Public Radio East
- New Bern, North Carolina; United States;
- Broadcast area: New Bern, Greenville, Jacksonville
- Branding: PRE News and Ideas; PRE Classical

Programming
- Format: News/talk; classical music
- Affiliations: NPR

Ownership
- Owner: Craven Community College

History
- First air date: June 4, 1984

Links
- Webcast: Listen live
- Website: publicradioeast.org
- For technical information, see § Transmitters.

= Public Radio East =

NPR member network for eastern North Carolina

Public Radio East is the NPR member regional network for northeastern North Carolina. It is a service of Craven Community College in New Bern, with studios in Barker Hall on the college's campus on College Court.
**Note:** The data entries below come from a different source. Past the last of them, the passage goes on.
lemma DeltaL_s_mult:
  "eqH3 (tup3 (DeltaL Delta (s a * u)))
     (map (\<lambda>p. [s a * fst p, fst (snd p), snd (snd p)]) (DeltaL Delta u))"
proof -
  have "eqH3 (tup3 (DeltaL Delta (s a * u)))
      (concat (map (\<lambda>p. Delta_id [s a * fst p, snd p]) (Delta u)))"
    using tensor_eq_induced[OF induces_Delta_id Delta_s_mult[of a u]]
    by (simp add: DeltaL_eq_Delta_id comp_def)
  also have "eqH3 \<dots> (concat (map (\<lambda>p. map (\<lambda>q. [s a * fst q, snd q, snd p]) (Delta (fst p))) (Delta u)))"
    using tensor_eq2_snoc[OF Delta_s_mult] by (intro tensor_eq_concat_map) (simp add: comp_def)
  finally show ?thesis
    by (simp add: DeltaL_def map_concat split_def comp_def)
qed

lemma DeltaL_t_mult:
  "eqH3 (tup3 (DeltaL Delta (t a * u)))
     (map (\<lambda>p. [fst p, fst (snd p), t a * snd (snd p)]) (DeltaL Delta u))"
  using tensor_eq_induced[OF induces_Delta_id Delta_t_mult[of a u]]
  by (simp add: DeltaL_eq_Delta_id DeltaL_def tup2_alt tup3_alt map_concat split_def comp_def)

fun id_Delta_id :: "'h list \<Rightarrow> 'h list list" where
  "id_Delta_id [a, b, c] = map (\<lambda>l. a # l @ [c]) (tup2 (Delta b))"
| "id_Delta_id _ = []"

lemma induces_id_Delta_id: "induces_tensor_map 3 [{0}, {0}, {0}] 4 [{0}, {0}, {0}, {0}] s t id_Delta_id"
proof (rule induces_tensor_map3I)
  fix b c x y
  show "eqH4 (id_Delta_id [x + y, b, c]) (id_Delta_id [x, b, c] @ id_Delta_id [y, b, c])"
    by (auto simp: tup2_alt comp_def intro!: tensor_eq_map_split
        intro: tensor_eq_additive[of "[0, _, _, _]" 4 0, simplified])
next
  fix a c x y
  show "eqH4 (id_Delta_id [a, x + y, c]) (id_Delta_id [a, x, c] @ id_Delta_id [a, y, c])"
    using tensor_eq2_pad[OF Delta_add[of x y], of a c] by simp
next
  fix a b x y
  show "eqH4 (id_Delta_id [a, b, x + y]) (id_Delta_id [a, b, x] @ id_Delta_id [a, b, y])"
    by (auto simp: tup2_alt comp_def intro!: tensor_eq_map_split
        intro: tensor_eq_additive[of "[_, _, _, 0]" 4 3, simplified])
next
  fix a b c e
  have "eqH4 (id_Delta_id [a * t e, b, c]) (map (\<lambda>p. [a, s e * fst p, snd p, c]) (Delta b))"
    by (auto simp: tup2_alt comp_def mult.commute intro!: tensor_eq_map
        intro: tensor_eq_balanced[of "[_, _, _, _]" 4 0, simplified])
  also have "eqH4 \<dots> (id_Delta_id [a, b * s e, c])"
    using tensor_eq_sym[OF tensor_eq2_pad[OF Delta_s_mult[of e b], of a c]]
    by (simp add: comp_def mult.commute)
  finally show "eqH4 (id_Delta_id [a * t e, b, c]) (id_Delta_id [a, b * s e, c])" .
next
  fix a b c e
  have "eqH4 (id_Delta_id [a, t e * b, c]) (map (\<lambda>p. [a, fst p, t e * snd p, c]) (Delta b))"
    using tensor_eq2_pad[OF Delta_t_mult[of e b], of a c] by (simp add: comp_def)
  also have "eqH4 \<dots> (id_Delta_id [a, b, c * s e])"
    by (auto simp: tup2_alt comp_def mult.commute intro!: tensor_eq_map
        intro: tensor_eq_balanced[of "[_, _, _, _]" 4 2, simplified])
  finally show "eqH4 (id_Delta_id [a, b * t e, c]) (id_Delta_id [a, b, c * s e])"
    by (simp add: mult.commute)
next
  fix b c
  show "eqH4 (id_Delta_id [0, b, c]) []"
    by (auto simp: tup2_alt comp_def intro!: tensor_eq_map_Nil
        intro: tensor_eq_zero_entry[of "[_, _, _, _]" 4 0, simplified])
next
  fix a c
  show "eqH4 (id_Delta_id [a, 0, c]) []"
    using tensor_eq2_pad[OF Delta_zero, of a c] by simp
next
  fix a b
  show "eqH4 (id_Delta_id [a, b, 0]) []"
    by (auto simp: tup2_alt comp_def intro!: tensor_eq_map_Nil
        intro: tensor_eq_zero_entry[of "[_, _, _, _]" 4 3, simplified])
qed

definition Delta4_LL :: "'h \<Rightarrow> 'h list list" where
  "Delta4_LL h = concat (map (\<lambda>(x, y). map (\<lambda>l. l @ [y]) (tup3 (DeltaL Delta x))) (Delta h))"

definition Delta4_LR :: "'h \<Rightarrow> 'h list list" where
  "Delta4_LR h = concat (map (\<lambda>(x, y). map (\<lambda>l. l @ [y]) (tup3 (DeltaR Delta x))) (Delta h))"

definition Delta4_RL :: "'h \<Rightarrow> 'h list list" where
  "Delta4_RL h = concat (map (\<lambda>(x, y). map (Cons x) (tup3 (DeltaL Delta y))) (Delta h))"

definition Delta4_RR :: "'h \<Rightarrow> 'h list list" where
  "Delta4_RR h = concat (map (\<lambda>(x, y). map (Cons x) (tup3 (DeltaR Delta y))) (Delta h))"

lemma Delta4_LR_eq: "Delta4_LR h = concat (map id_Delta_id (tup3 (DeltaL Delta h)))"
  by (simp add: Delta4_LR_def DeltaL_def DeltaR_def tup3_def tup2_def map_concat concat_concat
      split_def comp_def)

lemma Delta4_RL_eq: "Delta4_RL h = concat (map id_Delta_id (tup3 (DeltaR Delta h)))"
  by (simp add: Delta4_RL_def DeltaL_def DeltaR_def tup3_def tup2_def map_concat concat_concat
      split_def comp_def)

lemma Delta4_LL_eq_RL: "eqH4 (Delta4_LL h) (Delta4_RL h)"
proof -
  have "eqH4 (Delta4_LL h) (Delta4_LR h)"
    unfolding Delta4_LL_def Delta4_LR_def split_def
    by (intro tensor_eq_concat_map tensor_eq3_snoc coassoc)
  also have "eqH4 \<dots> (Delta4_RL h)"
    unfolding Delta4_LR_eq Delta4_RL_eq by (rule tensor_eq_induced[OF induces_id_Delta_id coassoc])
  finally show ?thesis .
qed

lemma Delta4_RL_eq_RR: "eqH4 (Delta4_RL h) (Delta4_RR h)"
  unfolding Delta4_RL_def Delta4_RR_def split_def
  by (intro tensor_eq_concat_map tensor_eq3_Cons coassoc)

fun contract_left :: "'h list \<Rightarrow> 'h list list" where
  "contract_left [a, b, c, d] = [[c, a * S b * d]]"
| "contract_left _ = []"

fun contract_right :: "'h list \<Rightarrow> 'h list list" where
  "contract_right [a, b, c, d] = [[a * S c * d, b]]"
| "contract_right _ = []"

lemma induces_contract_left:
  assumes "st_ideal s t \<subseteq> J"
  shows "induces_tensor_map 4 [{0}, {0}, {0}, {0}] 2 [J, {0}] s t contract_left"
proof (rule induces_tensor_map4I)
  fix a b c d e
  show "tensor_eq 2 [J, {0}] s t (contract_left [a, b * t e, c, d]) (contract_left [a, b, c * s e, d])"
    using tensor_eq_sym[OF tensor_eq2_balanced_s[of s t "[J, {0}]" c e "a * S b * d"]] assms
    by (simp add: S_mult S_t mult_ac)
next
  fix a b c d e
  show "tensor_eq 2 [J, {0}] s t (contract_left [a, b, c * t e, d]) (contract_left [a, b, c, d * s e])"
    using tensor_eq2_balanced[of "[J, {0}]" s t c e "a * S b * d"] by (simp add: mult_ac)
qed (auto simp: S_add S_mult S_s S_zero algebra_simps
    intro: tensor_eq2_add_left tensor_eq2_add_right tensor_eq2_zero_left tensor_eq2_zero_right)

lemma induces_contract_right:
  assumes "st_ideal s t \<subseteq> J"
  shows "induces_tensor_map 4 [{0}, {0}, {0}, {0}] 2 [{0}, J] s t contract_right"
proof (rule induces_tensor_map4I)
  fix a b c d e
  show "tensor_eq 2 [{0}, J] s t (contract_right [a * t e, b, c, d]) (contract_right [a, b * s e, c, d])"
    using tensor_eq2_balanced[of "[{0}, J]" s t "a * S c * d" e b] by (simp add: mult_ac)
next
  fix a b c d e
  show "tensor_eq 2 [{0}, J] s t (contract_right [a, b * t e, c, d]) (contract_right [a, b, c * s e, d])"
    using tensor_eq_sym[OF tensor_eq2_balanced_t[of s t "[{0}, J]" "a * S c * d" e b]] assms
    by (simp add: S_mult S_s mult_ac)
qed (auto simp: S_add S_mult S_t S_zero algebra_simps
    intro: tensor_eq2_add_left tensor_eq2_add_right tensor_eq2_zero_left tensor_eq2_zero_right)

lemma contract_left_Delta4_LL:
  assumes "st_ideal s t \<subseteq> J"
  shows "tensor_eq 2 [J, {0}] s t (concat (map contract_left (Delta4_LL h))) (tup2 (Delta h))"
proof -
  let ?eq = "tensor_eq 2 [J, {0}] s t"
  have antipode: "?eq (map (\<lambda>r. [z, fst r * S (snd r) * y]) (Delta x)) [[z * s (eps x), y]]" for x y z
  proof -
    have "?eq (map (\<lambda>r. [z, fst r * S (snd r) * y]) (Delta x))
        [[z, sum_list (map (\<lambda>r. fst r * S (snd r) * y) (Delta x))]]"
      by (rule tensor_eq_sym, rule tensor_eq2_sum_list_right)
    also have "sum_list (map (\<lambda>r. fst r * S (snd r) * y) (Delta x)) = s (eps x) * y"
      using antipode_right[of x] by (simp add: sum_list_mult_const)
    also have "?eq [[z, s (eps x) * y]] [[z * s (eps x), y]]"
      using tensor_eq_sym[OF tensor_eq2_balanced_s[of s t "[J, {0}]" z "eps x" y]] assms
      by (simp add: mult.commute)
    finally show ?thesis .
  qed
  have counit: "?eq (concat (map contract_left (map (\<lambda>l. l @ [y]) (tup3 (DeltaL Delta x))))) [[x, y]]"
    for x y
  proof -
    have "concat (map contract_left (map (\<lambda>l. l @ [y]) (tup3 (DeltaL Delta x))))
        = concat (map (\<lambda>q. map (\<lambda>r. [snd q, fst r * S (snd r) * y]) (Delta (fst q))) (Delta x))"
      by (simp add: DeltaL_def tup3_alt map_concat concat_concat comp_def split_def concat_map_singleton)
    also have "?eq \<dots> (concat (map (\<lambda>q. [[snd q * s (eps (fst q)), y]]) (Delta x)))"
      by (rule tensor_eq_concat_map) (rule antipode)
    also have "\<dots> = map (\<lambda>q. [snd q * s (eps (fst q)), y]) (Delta x)"
      by (simp add: concat_map_singleton)
    also have "?eq \<dots> [[x, y]]"
      using tensor_eq_sym[OF tensor_eq2_sum_list_left[of "[J, {0}]" s t "\<lambda>q. snd q * s (eps (fst q))" "Delta x" y]]
        counit_left[of x] by (simp add: mult.commute)
    finally show ?thesis .
  qed
  have "concat (map contract_left (Delta4_LL h))
      = concat (map (\<lambda>p. concat (map contract_left (map (\<lambda>l. l @ [snd p]) (tup3 (DeltaL Delta (fst p))))))
          (Delta h))"
    by (simp add: Delta4_LL_def map_concat concat_concat split_def comp_def)
  also have "?eq \<dots> (concat (map (\<lambda>p. [[fst p, snd p]]) (Delta h)))"
    by (rule tensor_eq_concat_map) (rule counit)
  also have "\<dots> = tup2 (Delta h)"
    by (simp add: tup2_alt concat_map_singleton)
  finally show ?thesis .
qed

lemma contract_right_Delta4_RR:
  assumes "st_ideal s t \<subseteq> J"
  shows "tensor_eq 2 [{0}, J] s t (concat (map contract_right (Delta4_RR h))) (tup2 (Delta h))"
proof -
  let ?eq = "tensor_eq 2 [{0}, J] s t"
  have antipode: "?eq (map (\<lambda>r. [z * S (fst r) * snd r, w]) (Delta x)) [[z, w * t (eps x)]]" for x z w
  proof -
    have "?eq (map (\<lambda>r. [z * S (fst r) * snd r, w]) (Delta x))
        [[sum_list (map (\<lambda>r. z * S (fst r) * snd r) (Delta x)), w]]"
      by (rule tensor_eq_sym, rule tensor_eq2_sum_list_left)
    also have "sum_list (map (\<lambda>r. z * S (fst r) * snd r) (Delta x)) = z * t (eps x)"
      using antipode_left[of x] by (simp add: sum_list_const_mult mult.assoc)
    also have "?eq [[z * t (eps x), w]] [[z, w * t (eps x)]]"
      using assms by (intro tensor_eq2_balanced_t) simp
    finally show ?thesis .
  qed
  have counit: "?eq (concat (map contract_right (map (Cons x) (tup3 (DeltaR Delta y))))) [[x, y]]"
    for x y
  proof -
    have "concat (map contract_right (map (Cons x) (tup3 (DeltaR Delta y))))
        = concat (map (\<lambda>q. map (\<lambda>r. [x * S (fst r) * snd r, fst q]) (Delta (snd q))) (Delta y))"
      by (simp add: DeltaR_def tup3_alt map_concat concat_concat comp_def split_def concat_map_singleton)
    also have "?eq \<dots> (concat (map (\<lambda>q. [[x, fst q * t (eps (snd q))]]) (Delta y)))"
      by (rule tensor_eq_concat_map) (rule antipode)
    also have "\<dots> = map (\<lambda>q. [x, fst q * t (eps (snd q))]) (Delta y)"
      by (simp add: concat_map_singleton)
    also have "?eq \<dots> [[x, y]]"
      using tensor_eq_sym[OF tensor_eq2_sum_list_right[of "[{0}, J]" s t x "\<lambda>q. fst q * t (eps (snd q))" "Delta y"]]
        counit_right[of y] by simp
    finally show ?thesis .
  qed
  have "concat (map contract_right (Delta4_RR h))
      = concat (map (\<lambda>p. concat (map contract_right (map (Cons (fst p)) (tup3 (DeltaR Delta (snd p))))))
          (Delta h))"
    by (simp add: Delta4_RR_def map_concat concat_concat split_def comp_def)
  also have "?eq \<dots> (concat (map (\<lambda>p. [[fst p, snd p]]) (Delta h)))"
    by (rule tensor_eq_concat_map) (rule counit)
  also have "\<dots> = tup2 (Delta h)"
    by (simp add: tup2_alt concat_map_singleton)
  finally show ?thesis .
qed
The network's original station, WTEB in New Bern, was launched June 4, 1984, on the frequency 89.5, at 66 kW. Its call sign contains the initials of Thurman Elwood Brock, Craven Community College's founding president. Later the station moved to 89.3 and increased power to 100 kW. The station has won many awards, including outstanding news operation from the Associated Press. During the 1990s, it added two full-time stations--WKNS Kinston at 90.3 and WBJD Atlantic Beach (serving Morehead City) at 91.5. It also added a low-powered translator in Greenville at 88.1, W201AO; now W210CF at 89.9 MHz, the translator is officially a repeater of WTEB.

Originally, all four stations aired a mix of NPR programming and classical music. In 2003, however, the network split into two separate services. The original NPR/classical format stayed on WTEB, while the other stations joined with newly signed-on WZNB at 88.5 in New Bern to become the News and Ideas Network, airing an expanded schedule of news and talk programming from NPR and other outlets. However, the two services simulcast most of NPR's more popular shows, such as Morning Edition and All Things Considered.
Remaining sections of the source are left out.